» **PROBLEM TO SOLVE**
Copy exactly. Begin with the line that contains "theory Defs" and stop after the last line of the records.

[Entries taken from a collection]
=-=-=
(* Assume the Framework and the Purification Postulate. Let $\rho\in\mathfrak S(\mathrm A)$ and let $\{\mathcal A_i\}_{i\in X}$ be a test from $\mathrm A$ to $\mathrm A$. Then $\sum_{i\in X}\mathcal A_i\,\sigma=\sigma$ for all $\sigma\in D_\rho$ (the test is non-disturbing upon input of $\rho$) if and only if there are probabilities $p_i\ge 0$ such that $\mathcal A_i\,\sigma=p_i\,\sigma$ for all $\sigma\in D_\rho$ and all $i\in X$. In particular, if $\rho$ is internal, a test satisfies $\sum_i\mathcal A_i\sigma=\sigma$ for all states $\sigma$ of $\mathrm A$ iff $\mathcal A_i\sigma=p_i\sigma$ for all states $\sigma$ of $\mathrm A$ and all $i$.
   Context: Framework. We work in an operational-probabilistic theory: there is a collection of systems $\mathrm A,\mathrm B,\dots$, closed under a composition $\mathrm A\mathrm B$ (associative, symmetric up to a reversible swap, with a trivial system $\mathrm I$ satisfying $\mathrm A\mathrm I=\mathrm A$); for each pair of systems a set $\mathfrak T(\mathrm A,\mathrm B)$ of transformations; a test from $\mathrm A$ to $\mathrm B$ is a finite collection $\{\mathcal C_i\}_{i\in X}\subseteq\mathfrak T(\mathrm A,\mathrm B)$, and every transformation belongs to some test. Tests are closed under sequential composition, parallel composition ($\otimes$), coarse-graining (summing outcomes over the blocks of a partition of $X$) and conditioning (choosing the next test depending on the outcome of the previous one). States of $\mathrm A$ are the elements of $\mathfrak S(\mathrm A):=\mathfrak T(\mathrm I,\mathrm A)$, effects are the elements of $\mathfrak T(\mathrm A,\mathrm I)$, and transformations $\mathrm I\to\mathrm I$ are probabilities in $[0,1]$ (those of a test sum to $1$; composition is multiplication). An effect $a$ and a state $\rho$ give the probability $(a|\rho)$. States (effects) are identified when they give equal probabilities on all effects (states); transformations $\mathcal C,\mathcal C'$ are identified when $\mathcal C\otimes\mathcal I_{\mathrm S}$ and $\mathcal C'\otimes\mathcal I_{\mathrm S}$ act identically on all states of $\mathrm A\mathrm S$ for every system $\mathrm S$. States span a finite-dimensional real vector space $\mathfrak S_{\mathbb R}(\mathrm A)$, transformations act linearly, and $\mathfrak T_{\mathbb R}(\mathrm A,\mathrm B)$ is the real span of $\mathfrak T(\mathrm A,\mathrm B)$. Standing assumptions: (i) causality: each system $\mathrm A$ has a unique deterministic effect $e_{\mathrm A}$ (the effect forming a one-outcome observation test), and $e_{\mathrm A\mathrm B}=e_{\mathrm A}\otimes e_{\mathrm B}$; (ii) local discriminability: if two states of $\mathrm A\mathrm B$ differ, some product effect $a\otimes b$ gives them different probabilities; (iii) all sets of states are closed, the theory is not deterministic (hence all sets of states, effects and transformations are convex), and perfectly distinguishable states exist. A state $\rho$ is normalized if $(e|\rho)=1$; $\mathfrak S_1(\mathrm A)$ is the set of normalized states. A channel is a $\mathcal C\in\mathfrak T(\mathrm A,\mathrm B)$ with $e_{\mathrm B}\circ\mathcal C=e_{\mathrm A}$. A channel $\mathcal U\in\mathfrak T(\mathrm A,\mathrm B)$ is reversible if some channel $\mathcal W\in\mathfrak T(\mathrm B,\mathrm A)$ satisfies $\mathcal W\mathcal U=\mathcal I_{\mathrm A}$, $\mathcal U\mathcal W=\mathcal I_{\mathrm B}$; $\mathbf G_{\mathrm A}$ is the group of reversible channels on $\mathrm A$. The marginal of a state $\sigma$ of $\mathrm A\mathrm B$ on $\mathrm A$ is $(\mathcal I_{\mathrm A}\otimes e_{\mathrm B})\sigma$. Refinement. For $\mathcal C\in\mathfrak T(\mathrm A,\mathrm B)$, write $\mathcal D\prec\mathcal C$ if there are a test $\{\mathcal D_j\}_{j\in Y}$ and $Y_0\subseteq Y$ with $\mathcal C=\sum_{j\in Y_0}\mathcal D_j$ and $\mathcal D\in\{\mathcal D_j\}_{j\in Y_0}$; the refinement set is $D_{\mathcal C}=\{\mathcal D:\mathcal D\prec\mathcal C\}$. $\mathcal C$ is atomic if $\mathcal D\prec\mathcal C$ implies $\mathcal D=\lambda\mathcal C$ for some $\lambda\in[0,1]$. A pure state is an atomic state; a state is mixed otherwise. A state $\omega$ of $\mathrm A$ is internal if $\mathrm{Span}(D_\omega)=\mathfrak S_{\mathbb R}(\mathrm A)$. Purification Postulate. For every $\rho\in\mathfrak S_1(\mathrm A)$ there are a system $\mathrm B$ and a pure $\Psi\in\mathfrak S_1(\mathrm A\mathrm B)$ with $(\mathcal I_{\mathrm A}\otimes e_{\mathrm B})\Psi=\rho$ (a purification of $\rho$, with purifying system $\mathrm B$); and if $\Psi,\Psi'\in\mathfrak S_1(\mathrm A\mathrm B)$ are purifications of the same state, then $\Psi'=(\mathcal I_{\mathrm A}\otimes\mathcal U)\Psi$ for some $\mathcal U\in\mathbf G_{\mathrm B}$. *)

theory Defs
  imports "HOL-Analysis.Analysis" "HOL-Library.Multiset"
begin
=-=-=
» **TASK RESPONSE**
theory Defs
  imports "HOL-Analysis.Analysis" "HOL-Library.Multiset"
begin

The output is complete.